If we froze LLM technology at present-day capabilities and spent the next 20 years on that, I'd expect it to ultimately look transformative in a similar way to the Internet. I mean if you told me in fall 2022 that 2.5 years later I'd be building software by meta-prompting and meta-meta-prompting AI agents to write code overnight while I slept, I'd assume that we were fictional characters in a Black Mirror episode.

jwrallie•1h ago
I have trouble justifying the $20 tier when compared to other offers for similar service from other providers. I think OpenAI should, every once in a while, offer a new feature with no delay to their Plus tier, with lots of limits of course.
paul7986•6h ago
GPT needs way better image creation! Today I asked it to create a full image of a 2025 calendar highlighting all weekday workdays excluding federal holidays. At the bottom of legend tell me how many weekday work hours are available within criteria noted.

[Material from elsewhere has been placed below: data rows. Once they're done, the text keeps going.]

(* Let $n\ge1$, let $\theta_1,\dots,\theta_n,\theta\in\mathbb R$, $\boldsymbol\theta=(\theta_1,\dots,\theta_n)$, and define $|W_n(\boldsymbol\theta)\rangle=\frac1{\sqrt n}\sum_{j=1}^ne^{i\theta_j}X_j|0\rangle^{\otimes n}$, $|W_n(\theta)\rangle=|W_n((\theta,2\theta,\dots,n\theta))\rangle$, and $|W_n\rangle=|W_n(0)\rangle$. Then $$\|\Xi_{W_n(\boldsymbol\theta)}\|_4^4=\frac{d}{n^4}\Bigl[6n(n-1)+\Bigl|\sum_{j=1}^ne^{4i\theta_j}\Bigr|^2\Bigr],\qquad M_2(W_n(\boldsymbol\theta))=\log_2\frac{n^4}{6n(n-1)+\bigl|\sum_{j=1}^ne^{4i\theta_j}\bigr|^2};$$ in particular $\|\Xi_{W_n}\|_4^4=\frac{d(7n-6)}{n^3}$, $M_2(W_n)=\log_2\frac{n^3}{7n-6}$, and $$\|\Xi_{W_n(\theta)}\|_4^4=\frac{d[6n^2-6n+\sin^2(2n\theta)/\sin^2(2\theta)]}{n^4},\qquad M_2(W_n(\theta))=\log_2\frac{n^4}{6n^2-6n+\sin^2(2n\theta)/\sin^2(2\theta)}$$ (with $\sin^2(2n\theta)/\sin^2(2\theta)$ interpreted as $n^2$ when $\sin(2\theta)=0$).
   Context: $d=2^n$; $X_j$ denotes the Pauli $X$ acting on the $j$th qubit. $\overline{\mathcal P}_n=\{I,X,Y,Z\}^{\otimes n}$; for a pure state $|\psi\rangle$, $\Xi_\psi(P)=\langle\psi|P|\psi\rangle$ for $P\in\overline{\mathcal P}_n$, $\|\Xi_\psi\|_4^4=\sum_P\Xi_\psi(P)^4$, and the stabilizer 2-Rényi entropy is $M_2(\psi)=-\log_2(\|\Xi_\psi\|_4^4/d)$. *)

theory Defs
  imports Complex_Main
begin

text \<open>A computational basis bit is a bool,
  False = |0>, True = |1>.  n-qubit basis states are bool lists of length n,
  n-qubit Pauli strings (elements of {I,X,Y,Z}^{\<otimes>n}) are pauli lists of length n;
  list position k corresponds to qubit k+1.\<close>

datatype pauli = PI | PX | PY | PZ
lemma nine_runs_block_reversal_not_rich:
  assumes "x \<noteq> y" "length ns = 9" "0 \<notin> set ns" "w = alternating_runs x y ns @ Z"
  shows "\<exists>v \<in> block_reversal w. \<not> rich v"
proof -
  obtain n0 n1 n2 n3 n4 n5 n6 n7 n8 where ns: "ns = [n0, n1, n2, n3, n4, n5, n6, n7, n8]"
    using \<open>length ns = 9\<close> by (auto simp: numeral_eq_Suc length_Suc_conv)
  have pos: "0 < n0" "0 < n1" "0 < n2" "0 < n3" "0 < n4" "0 < n5" "0 < n6" "0 < n7" "0 < n8"
    using \<open>0 \<notin> set ns\<close> by (auto simp: ns)
  obtain m4 m7 where m4: "n4 = Suc m4" and m7: "n7 = Suc m7"
    using pos by (metis gr0_conv_Suc)
  define Bs where "Bs = [replicate n0 x @ replicate n1 y, replicate n2 x, replicate n3 y @ replicate m4 x,
     x # replicate n5 y, replicate n6 x @ [y], replicate m7 y @ replicate n8 x, Z]"
  define u where "u = replicate (n8 + n6) x @ replicate 1 y @ replicate 1 x @ replicate (n5 + n3) y @
     replicate (m4 + n2 + n0) x"
  have "concat Bs = w"
    using assms(4) by (simp add: Bs_def ns m4 m7 replicate_append_same)
  moreover have "w \<noteq> []"
    using assms(4) pos(1) by (simp add: ns)
  ultimately have "concat (rev Bs) \<in> block_reversal w"
    by (rule concat_rev_in_block_reversal)
  moreover have "concat (rev Bs) = (Z @ replicate m7 y) @ u @ replicate n1 y"
    by (simp add: Bs_def u_def replicate_add)
  then have "sublist u (concat (rev Bs))"
    by (metis sublist_appendI)
  moreover have "\<not> rich u"
    unfolding u_def using \<open>x \<noteq> y\<close> pos by (intro not_rich_five_runs) auto
  ultimately show ?thesis
    using rich_sublist by blast
qed

theorem mainTheorem7:
  fixes a b :: 'a and w :: "'a list"
  assumes "a \<noteq> b"
    and "set w \<subseteq> {a, b}"
    and "run_length w \<ge> 9"
  shows "\<exists>v \<in> block_reversal w. \<not> rich v"
proof -
  define x where "x = hd w"
  define y where "y = (if x = a then b else a)"
  have "w \<noteq> []"
    using assms(3) by (auto simp: run_length_def)
  then have "x \<in> {a, b}"
    using assms(2) hd_in_set unfolding x_def by blast
  with assms(1,2) have "x \<noteq> y" "set w \<subseteq> {x, y}"
    by (auto simp: y_def)
  moreover have "w \<noteq> [] \<longrightarrow> hd w = x"
    by (simp add: x_def)
  ultimately obtain ns Z where "length ns = 9" "0 \<notin> set ns" "w = alternating_runs x y ns @ Z"
    using ex_alternating_runs_prefix[of x y w 9] assms(3) by blast
  with \<open>x \<noteq> y\<close> show ?thesis
    by (intro nine_runs_block_reversal_not_rich)
qed

end
(* Let $\mathbb{V}=V\times\{0\}$ be a horizontal homogeneous subgroup of $\mathbb{H}^n$ with $k=\dim V$, and let $\pi_{\mathbb{V}^\perp}\colon\mathbb{H}^n\to\mathbb{V}^\perp$ be the projection associated with $\mathbb{H}^n=\mathbb{V}^\perp\ltimes\mathbb{V}$. Equip $\mathbb{H}^n$ with the Korányi metric and $\mathbb{V}^\perp$ with the Euclidean metric of $\mathbb{R}^{2n+1}$. Then $\pi_{\mathbb{V}^\perp}$ is locally David–Semmes $(k+1)$-regular, i.e. $(\mathbb{H}^n,(\mathbb{V}^\perp,d_{\mathbb{R}^{2n+1}}),\pi_{\mathbb{V}^\perp})$ is a $(k+1)$-foliation.
   Context: $\mathbb{H}^n=\mathbb{R}^{2n}\times\mathbb{R}$ with group law $(x,t)*(x',t')=(x+x',t+t'+2\omega(x,x'))$, $\omega(x,x')=\sum_{i=1}^n(x_{n+i}x'_i-x_ix'_{n+i})$, Korányi metric $d_{\mathbb{H}}(p,q)=\|p^{-1}*q\|_{\mathbb{H}}$, $\|(x,t)\|_{\mathbb{H}}=(|x|^4+t^2)^{1/4}$. Horizontal homogeneous subgroup: $\mathbb{V}=V\times\{0\}$ with $V\subseteq\mathbb{R}^{2n}$ a subspace on which $\omega\equiv0$; $\mathbb{V}^\perp=V^\perp\times\mathbb{R}$. Writing uniquely $p=p_{\mathbb{V}^\perp}*p_{\mathbb{V}}$, set $\pi_{\mathbb{V}^\perp}(p)=p_{\mathbb{V}^\perp}$; its fibers are the left cosets $a*\mathbb{V}$. A surjection $\pi\colon X\to W$ between proper metric spaces is locally David–Semmes $s$-regular if for every compact $K\subseteq X$, $\pi|_K$ is Lipschitz and there are $C\ge1$, $r_0>0$ such that for every ball $B\subseteq W$ of radius $r<r_0$, $\pi^{-1}(B)\cap K$ can be covered by at most $Cr^{-s}$ balls in $X$ of radius $Cr$; $(X,W,\pi)$ is then an $s$-foliation. *)

theory Defs
  imports "HOL-Analysis.Analysis"
begin

text \<open>Points of R^{2n} are pairs (a,b) of vectors in R^n, with x_i = a_i and
  x_{n+i} = b_i.
  The dimension n is the cardinality of the finite index type 'n.\<close>

type_synonym 'n hvec = "(real^'n) \<times> (real^'n)"
type_synonym 'n heis = "'n hvec \<times> real"

definition omega :: "'n::finite hvec \<Rightarrow> 'n hvec \<Rightarrow> real" where
  "omega x y = (\<Sum>i\<in>UNIV. (snd x) $ i * (fst y) $ i - (fst x) $ i * (snd y) $ i)"

definition hmult :: "'n::finite heis \<Rightarrow> 'n heis \<Rightarrow> 'n heis" where
  "hmult p q = (fst p + fst q, snd p + snd q + 2 * omega (fst p) (fst q))"

definition hinv :: "'n::finite heis \<Rightarrow> 'n heis" where
  "hinv p = (- fst p, - snd p)"

definition koranyi_norm :: "'n::finite heis \<Rightarrow> real" where
  "koranyi_norm p = root 4 (norm (fst p) ^ 4 + (snd p)\<^sup>2)"

definition koranyi_dist :: "'n::finite heis \<Rightarrow> 'n heis \<Rightarrow> real" where
  "koranyi_dist p q = koranyi_norm (hmult (hinv p) q)"

definition horizontal_subspace :: "'n::finite hvec set \<Rightarrow> bool" where
  "horizontal_subspace V \<longleftrightarrow> subspace V \<and> (\<forall>x\<in>V. \<forall>y\<in>V. omega x y = 0)"

definition hsub :: "'n::finite hvec set \<Rightarrow> 'n heis set" where
  "hsub V = V \<times> {0}"

definition hsub_perp :: "'n::finite hvec set \<Rightarrow> 'n heis set" where
  "hsub_perp V = {y. \<forall>x\<in>V. inner x y = 0} \<times> UNIV"

definition proj_perp :: "'n::finite hvec set \<Rightarrow> 'n heis \<Rightarrow> 'n heis" where
  "proj_perp V p = (THE q. q \<in> hsub_perp V \<and> (\<exists>r\<in>hsub V. p = hmult q r))"

definition locally_DS_regular ::
  "'a set \<Rightarrow> ('a \<Rightarrow> 'a \<Rightarrow> real) \<Rightarrow> 'b set \<Rightarrow> ('b \<Rightarrow> 'b \<Rightarrow> real) \<Rightarrow> ('a \<Rightarrow> 'b) \<Rightarrow> real \<Rightarrow> bool"
  where
  "locally_DS_regular X dX W dW \<pi> s \<longleftrightarrow>
     \<pi> ` X = W \<and>
     (\<forall>K. K \<subseteq> X \<and> compactin (Metric_space.mtopology X dX) K \<longrightarrow>
        (\<exists>L. \<forall>p\<in>K. \<forall>q\<in>K. dW (\<pi> p) (\<pi> q) \<le> L * dX p q) \<and>
        (\<exists>C\<ge>1. \<exists>r0>0. \<forall>w\<in>W. \<forall>r. 0 < r \<and> r < r0 \<longrightarrow>
           (\<exists>F. finite F \<and> F \<subseteq> X \<and> real (card F) \<le> C * r powr (- s) \<and>
                {p\<in>K. \<pi> p \<in> Metric_space.mball W dW w r}
                  \<subseteq> (\<Union>c\<in>F. Metric_space.mball X dX c (C * r)))))"

definition s_foliation ::
  "'a set \<Rightarrow> ('a \<Rightarrow> 'a \<Rightarrow> real) \<Rightarrow> 'b set \<Rightarrow> ('b \<Rightarrow> 'b \<Rightarrow> real) \<Rightarrow> ('a \<Rightarrow> 'b) \<Rightarrow> real \<Rightarrow> bool"
  where "s_foliation X dX W dW \<pi> s \<longleftrightarrow> locally_DS_regular X dX W dW \<pi> s"

end

theory Submission
  imports Defs
begin

text \<open>
  Writing \<open>p = (x, t)\<close> and \<open>P\<close> for the orthogonal projection onto \<open>V\<close>, the projection is
  \<open>(x - P x, t - 2 \<omega>(x, P x))\<close>. The Koranyi distance \<open>d\<close> of two points bounds the
  difference of their horizontal parts and, up to an error \<open>2 |x| d\<close>, of their vertical
  parts; together with \<open>|\<omega>(x, P x) - \<omega>(y, P y)| \<le> (|x| + |y|) |x - y|\<close> this makes the
  projection Lipschitz on bounded sets.

  If the projection of \<open>p\<close> lies in the Euclidean \<open>r\<close>-ball about \<open>w\<close>, then \<open>p\<close> is within
  \<open>O(r)\<close> of \<open>w * (P x, 0)\<close> in the horizontal direction. Replacing \<open>P x\<close> by a point \<open>g\<close> of an
  \<open>r\<close>-grid in the bounded part of \<open>V\<close> (about \<open>r^(-k)\<close> points) leaves a vertical
  discrepancy which, because \<open>\<omega>\<close> vanishes on \<open>V\<close>, is only \<open>O(r)\<close>; a vertical grid of step
  \<open>r\<^sup>2\<close> (about \<open>1/r\<close> points) absorbs it. The \<open>O(r^(-k-1))\<close> points
  \<open>w * (g, 0) * (0, j r\<^sup>2)\<close> are then centres of Koranyi balls of radius \<open>(k + 2) r\<close>
  covering the preimage.
\<close>

section \<open>The symplectic form\<close>

lemma omega_eq_inner: "omega x y = inner (snd x, - fst x) y"
  by (simp add: omega_def inner_prod_def inner_vec_def sum_subtractf sum_negf)

lemma omega_add_left: "omega (a + b) c = omega a c + omega b c"
  by (simp add: omega_eq_inner inner_prod_def inner_add_left algebra_simps)

lemma omega_add_right: "omega a (b + c) = omega a b + omega a c"
  by (simp add: omega_eq_inner inner_add_right)

lemma omega_diff_left: "omega (a - b) c = omega a c - omega b c"
  by (simp add: omega_eq_inner inner_prod_def inner_diff_left algebra_simps)

lemma omega_diff_right: "omega a (b - c) = omega a b - omega a c"
  by (simp add: omega_eq_inner inner_diff_right)

lemma omega_minus_left: "omega (- a) c = - omega a c"
  by (simp add: omega_eq_inner inner_prod_def)

lemma omega_commute: "omega a b = - omega b a"
  by (simp add: omega_def sum_negf[symmetric] algebra_simps)

lemma omega_zero_right [simp]: "omega a 0 = 0"
  by (simp add: omega_eq_inner)

lemma omega_self [simp]: "omega a a = 0"
  using omega_commute[of a a] by simp

lemma norm_rotate_Pair: "norm (snd x, - fst x) = norm x"
  by (cases x) (simp add: norm_Pair add.commute)

lemma abs_omega_le: "\<bar>omega x y\<bar> \<le> norm x * norm y"
  using Cauchy_Schwarz_ineq2[of "(snd x, - fst x)" y]
  by (simp add: omega_eq_inner norm_rotate_Pair)

lemma inner_sq_add_inner_sq_le:
  fixes u v y :: "'a::real_inner"
  assumes "inner u v = 0" "norm u = norm v"
  shows "(inner u y)\<^sup>2 + (inner v y)\<^sup>2 \<le> (norm u)\<^sup>2 * (norm y)\<^sup>2"
proof (cases "u = 0")
  case True
  with assms(2) show ?thesis by simp
next
  case False
  define c where "c = (norm u)\<^sup>2"
  have c: "inner u u = c" "inner v v = c" "inner v u = 0"
    using assms by (simp_all add: c_def power2_norm_eq_inner[symmetric] inner_commute)
  have "0 \<le> inner (c *\<^sub>R y - inner u y *\<^sub>R u - inner v y *\<^sub>R v) (c *\<^sub>R y - inner u y *\<^sub>R u - inner v y *\<^sub>R v)"
    by simp
  also have "\<dots> = c * (c * inner y y - ((inner u y)\<^sup>2 + (inner v y)\<^sup>2))"
    by (simp add: inner_diff_left inner_diff_right c assms(1) inner_commute[of y u]
        inner_commute[of y v] power2_eq_square algebra_simps)
  finally have "0 \<le> c * inner y y - ((inner u y)\<^sup>2 + (inner v y)\<^sup>2)"
    using False by (simp add: c_def zero_le_mult_iff)
  then show ?thesis
    by (simp add: c_def power2_norm_eq_inner)
qed

lemma inner_sq_add_omega_sq_le: "(inner x y)\<^sup>2 + (omega x y)\<^sup>2 \<le> (norm x)\<^sup>2 * (norm y)\<^sup>2"
  using inner_sq_add_inner_sq_le[of x "(snd x, - fst x)" y]
  by (simp add: omega_eq_inner inner_prod_def inner_commute norm_rotate_Pair)

section \<open>The group law and the Koranyi distance\<close>

lemma hmult_hinv_Pair: "hmult (hinv (x, t)) (y, s) = (y - x, s - t - 2 * omega x y)"
  by (simp add: hmult_def hinv_def omega_minus_left)

lemma hmult_hinv_hmult_hinv: "hmult (hmult (hinv p) q) (hmult (hinv q) r) = hmult (hinv p) r"
  by (simp add: hmult_def hinv_def omega_add_left omega_add_right omega_minus_left
      omega_diff_left omega_diff_right omega_commute[of "fst q" "fst p"]
      algebra_simps)

lemma hinv_hmult_hinv: "hinv (hmult (hinv p) q) = hmult (hinv q) p"
  by (simp add: hmult_def hinv_def omega_minus_left omega_commute[of "fst q" "fst p"])

lemma koranyi_norm_nonneg: "0 \<le> koranyi_norm p"
  by (simp add: koranyi_norm_def)

lemma koranyi_norm_pow4: "koranyi_norm p ^ 4 = norm (fst p) ^ 4 + (snd p)\<^sup>2"
  unfolding koranyi_norm_def by (rule real_root_pow_pos2) auto

lemma koranyi_norm_sq: "(koranyi_norm p)\<^sup>2 = sqrt (((norm (fst p))\<^sup>2)\<^sup>2 + (snd p)\<^sup>2)"
proof -
  have "((koranyi_norm p)\<^sup>2)\<^sup>2 = ((norm (fst p))\<^sup>2)\<^sup>2 + (snd p)\<^sup>2"
    using koranyi_norm_pow4[of p] by (simp add: power_mult[symmetric])
  then show ?thesis by (metis real_sqrt_abs abs_of_nonneg zero_le_power2)
qed

lemma norm_fst_le_koranyi_norm: "norm (fst p) \<le> koranyi_norm p"
  using koranyi_norm_pow4[of p] koranyi_norm_nonneg[of p]
    power_mono_iff[of "norm (fst p)" "koranyi_norm p" 4]
  by simp

lemma abs_snd_le_koranyi_norm_sq: "\<bar>snd p\<bar> \<le> (koranyi_norm p)\<^sup>2"
proof -
  have "(snd p)\<^sup>2 \<le> ((koranyi_norm p)\<^sup>2)\<^sup>2"
    using koranyi_norm_pow4[of p] by (simp add: power_mult[symmetric])
  then show ?thesis by (metis abs_le_square_iff abs_of_nonneg zero_le_power2)
qed

lemma koranyi_norm_le: "koranyi_norm (x, t) \<le> norm x + sqrt \<bar>t\<bar>"
proof -
  define a b where "a = norm x" and "b = sqrt \<bar>t\<bar>"
  have ab: "0 \<le> a" "0 \<le> b" by (simp_all add: a_def b_def)
  have "b ^ 4 = (b\<^sup>2)\<^sup>2" by simp
  also have "\<dots> = t\<^sup>2" by (simp add: b_def)
  finally have "b ^ 4 = t\<^sup>2" .
  then have "koranyi_norm (x, t) ^ 4 = a ^ 4 + b ^ 4"
    by (simp add: koranyi_norm_pow4 a_def)
  also have "\<dots> \<le> a ^ 4 + b ^ 4 + a * b * (4 * a\<^sup>2 + 6 * a * b + 4 * b\<^sup>2)"
    using ab by simp
  also have "\<dots> = (a + b) ^ 4"
    by (simp add: power4_eq_xxxx power2_eq_square algebra_simps)
  finally have "koranyi_norm (x, t) ^ 4 \<le> (a + b) ^ 4" .
  moreover have "0 \<le> a + b" using ab by simp
  ultimately have "koranyi_norm (x, t) \<le> a + b"
    using power_mono_iff[of "koranyi_norm (x, t)" "a + b" 4] koranyi_norm_nonneg[of "(x, t)"] by simp
  then show ?thesis by (simp add: a_def b_def)
qed
theorem corollary10:
  fixes \<Phi> :: "'a::banach \<Rightarrow> real" and V W :: "'a set"
  assumes refl: "reflexive_space TYPE('a)"
    and subV: "subspace V" and subW: "subspace W"
    and dsum_int: "V \<inter> W = {0}"
    and dsum_span: "\<forall>u. \<exists>v\<in>V. \<exists>w\<in>W. u = v + w"
    and finV: "\<exists>B. finite B \<and> V = span B"
    and lip: "locally_lipschitz \<Phi>"
    and i: "\<forall>M. \<exists>R. \<forall>w\<in>W. norm w \<ge> R \<longrightarrow> \<Phi> w \<ge> M"
    and ii: "\<forall>w\<in>W. strictly_quasi_concave_on V (\<lambda>v. \<Phi> (v + w))"
    and iii: "\<forall>r M. \<exists>R. \<forall>v\<in>V. \<forall>w\<in>W. norm w \<le> r \<and> norm v \<ge> R \<longrightarrow> \<Phi> (v + w) \<le> M"
    and iv: "\<forall>v\<in>V. weakly_lsc_on W (\<lambda>w. \<Phi> (v + w))"
  shows "(\<forall>w\<in>W. \<exists>!v. v \<in> V \<and> (\<forall>v'\<in>V. \<Phi> (v' + w) \<le> \<Phi> (v + w))) \<and>
    (\<exists>wbar\<in>W.
       let s = (\<lambda>w. THE v. v \<in> V \<and> (\<forall>v'\<in>V. \<Phi> (v' + w) \<le> \<Phi> (v + w)));
           ubar = s wbar + wbar
       in (\<forall>w\<in>W. \<Phi> ubar \<le> \<Phi> (s w + w)) \<and>
          0 \<in> clarke_subdiff \<Phi> ubar \<and>
          \<Phi> ubar = (INF w\<in>W. SUP v\<in>V. \<Phi> (v + w)))"
proof -
  have cont: "\<And>x. isCont \<Phi> x" using lip by (rule locally_lipschitz_imp_isCont)
  obtain B where "finite B" and VB: "V = span B" using finV by blast
  have cpt: "compact (V \<inter> cball 0 r)" for r unfolding VB by (rule compact_span_inter_cball[OF \<open>finite B\<close>])
  have "0 \<in> V" "0 \<in> W" using subV subW by (simp_all add: subspace_0)
  have anti: "\<forall>M. \<exists>R. \<forall>v\<in>V. R \<le> norm v \<longrightarrow> \<Phi> (v + w) \<le> M" if "w \<in> W" for w
    using iii that by (meson order_refl)
  have "closed W"
    using closed_subspace_if_coercive_anticoercive[OF cont subV subW dsum_span i] anti[OF \<open>0 \<in> W\<close>] by simp
  then have "weakly_closed W"
    using weakly_closed_finite_complement[OF \<open>finite B\<close> _ subW] dsum_int dsum_span unfolding VB by blast
  have unique_max: "\<exists>!v. v \<in> V \<and> (\<forall>v'\<in>V. \<Phi> (v' + w) \<le> \<Phi> (v + w))" if "w \<in> W" for w
  proof (rule anticoercive_unique_max[OF cpt _ \<open>0 \<in> V\<close> subspace_imp_convex[OF subV]])
    show "continuous_on V (\<lambda>v. \<Phi> (v + w))"
      by (intro continuous_at_imp_continuous_on ballI continuous_intros isCont_o2[OF _ cont])
  qed (use ii anti that in auto)
  define s where "s = (\<lambda>w. THE v. v \<in> V \<and> (\<forall>v'\<in>V. \<Phi> (v' + w) \<le> \<Phi> (v + w)))"
  have s_max: "s w \<in> V \<and> (\<forall>v'\<in>V. \<Phi> (v' + w) \<le> \<Phi> (s w + w))" if "w \<in> W" for w
    unfolding s_def by (rule theI'[OF unique_max[OF that]])
  have sV: "s w \<in> V" if "w \<in> W" for w using s_max[OF that] by (rule conjunct1)
  have s_ge: "\<Phi> (v + w) \<le> \<Phi> (s w + w)" if "w \<in> W" "v \<in> V" for w v
    using s_max[OF that(1)] that(2) by blast
  have s_unique: "v = s w" if "w \<in> W" "v \<in> V" "\<forall>v'\<in>V. \<Phi> (v' + w) \<le> \<Phi> (v + w)" for w v
    using unique_max[OF that(1)] s_max[OF that(1)] that(2,3) by blast
  obtain wbar where "wbar \<in> W" and wbar_min: "\<And>w. w \<in> W \<Longrightarrow> \<Phi> (s wbar + wbar) \<le> \<Phi> (s w + w)"
    using marginal_max_attains_min[OF refl \<open>weakly_closed W\<close> \<open>0 \<in> V\<close> \<open>0 \<in> W\<close> i iv sV s_ge] by blast
  have "0 \<in> clarke_subdiff \<Phi> (s wbar + wbar)"
    using argmax_ray_tendsto[where s = s and \<Phi> = \<Phi>,
        OF cont cpt \<open>0 \<in> V\<close> subW \<open>wbar \<in> W\<close> _ iii sV s_ge s_unique]
    by (intro clarke_critical_if_saddle[where s = s and \<Phi> = \<Phi>,
        OF subV subW dsum_span \<open>wbar \<in> W\<close> sV s_ge wbar_min])
  moreover have "(INF w\<in>W. SUP v\<in>V. \<Phi> (v + w)) = \<Phi> (s wbar + wbar)"
    using INF_SUP_eq_saddle_value[where f = "\<lambda>v w. \<Phi> (v + w)" and s = s,
        OF \<open>wbar \<in> W\<close> sV s_ge wbar_min] by simp
  ultimately show ?thesis
    unfolding s_def[symmetric] unfolding Let_def using unique_max \<open>wbar \<in> W\<close> wbar_min
    by (intro conjI ballI bexI[of _ wbar]) auto
qed

end
(* Let $\Omega\subset\mathbb R^n$ be a bounded Lipschitz domain, $G$ a compact matrix Lie group with Lie algebra $\mathfrak g$, and let $A(t)\in\Lambda^1(\overline\Omega,\mathfrak g)$ and $\phi(t)\in\Lambda^0(\overline\Omega,\mathfrak g)$ be smooth, smoothly time-dependent $\mathfrak g$-valued forms. Put $E=-(\dot A+d_A\phi)$, $B=F_A$, $D=\epsilon E$, $H=\mu^{-1}B$, where $\epsilon,\mu^{-1}$ are smooth, time-independent symmetric isomorphisms as in the context. Suppose that $$\dot D-[\phi,D]=d_AH,\qquad d_AD=\rho .$$ Then $\rho$ satisfies $\dot\rho=[\phi,\rho]$. In particular, $|\rho|$ is conserved, i.e. at each point of $\overline\Omega$ the quantity $|\rho|$, defined by $|\rho|^2\,d\mathrm{vol}=\langle\rho\wedge *\rho\rangle$ with $*$ the Hodge star, is independent of $t$.
   Context: $G$ is a compact Lie group realized as a group of unitary matrices; its Lie algebra $\mathfrak g$ consists of skew-Hermitian matrices with bracket $[\xi,\eta]=\xi\eta-\eta\xi$ and invariant inner product $\langle\xi,\eta\rangle=\operatorname{tr}(\xi^*\eta)$ (so $\langle[\xi,\eta],\omega\rangle+\langle\eta,[\xi,\omega]\rangle=0$). $\Lambda^k(\overline\Omega,\mathfrak g)$ denotes sections of $\bigwedge^kT^*\overline\Omega\otimes\mathfrak g$. For $u=\alpha\otimes\xi$, $v=\beta\otimes\eta$ (real forms $\alpha,\beta$, constant $\xi,\eta\in\mathfrak g$) define $du=d\alpha\otimes\xi$, $[u\wedge v]=(\alpha\wedge\beta)\otimes[\xi,\eta]$, $\langle u\wedge v\rangle=(\alpha\wedge\beta)\langle\xi,\eta\rangle$ (a real form), extended bilinearly; when one argument is a $0$-form one writes $[\cdot,\cdot]$, $\langle\cdot,\cdot\rangle$. For $A\in\Lambda^1(\overline\Omega,\mathfrak g)$, the curvature is $F_A=dA+\tfrac12[A\wedge A]$ and the exterior covariant derivative is $d_Au=du+[A\wedge u]$. The permittivity $\epsilon$ and inverse permeability $\mu^{-1}$ are pointwise isomorphisms $\epsilon_x:\bigwedge^1T_x^*\overline\Omega\to\bigwedge^{n-1}T_x^*\overline\Omega$, $\mu^{-1}_x:\bigwedge^2T_x^*\overline\Omega\to\bigwedge^{n-2}T_x^*\overline\Omega$ that are symmetric in the sense $\alpha\wedge\epsilon\beta=\beta\wedge\epsilon\alpha$ for real $1$-forms and $\alpha\wedge\mu^{-1}\beta=\beta\wedge\mu^{-1}\alpha$ for real $2$-forms; they act on $\mathfrak g$-valued forms by acting on the form factor, $\epsilon(\alpha\otimes\xi)=\epsilon\alpha\otimes\xi$. Dots denote time derivatives. *)

theory Defs
  imports "HOL-Analysis.Analysis"
begin

fun Ck :: "nat \<Rightarrow> ('a::euclidean_space \<Rightarrow> 'b::real_normed_vector) \<Rightarrow> bool" where
  "Ck 0 f = continuous_on UNIV f"
| "Ck (Suc k) f = (f differentiable_on UNIV \<and>
       (\<forall>v. Ck k (\<lambda>x. frechet_derivative f (at x) v)))"

definition smooth_fun :: "('a::euclidean_space \<Rightarrow> 'b::real_normed_vector) \<Rightarrow> bool" where
  "smooth_fun f \<longleftrightarrow> (\<forall>k. Ck k f)"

It created the image showing each month but when you looked at each month it was so janky ... February 31st and other huge errors!

I'm not using image creation to create 3d art for fun or art sake im trying to use it to create utility images to share for discussion with friends & co-workers. The above is just one of many ways it fails when creating utility images!

mkl•5h ago
Wrong tool for the job. Try asking it to generate an SVG calendar with those features, or to generate Python code that produces an SVG calendar with those features.
catlifeonmars•1h ago
That makes sense. Naively, one would expect this to be the type of reasoning that it should “figure out” on its own.
vintagedave•26m ago
> Update to o4-mini (June 6, 2025) > We are rolling back an o4-mini snapshot, that we deployed less than a week ago and intended to improve the length of model responses, because our automated monitoring tools detected an increase in content flags.

Does anyone know what it did or returned? I had not seen anything, nor have I read anything, about issues here.

honeybadger1•9m ago
Gemini still, for me, feels like the king for speed and accuracy.
eru•3m ago
I'm trying out o3-pro now with some algorithmic questions. It seems to be doing alright, but it's taking an awfully long time (as expected) and the UIs seem to time out a lot, especially the Android app and the MacOS desktop app. The web interface seems the least flaky, but that's not saying much.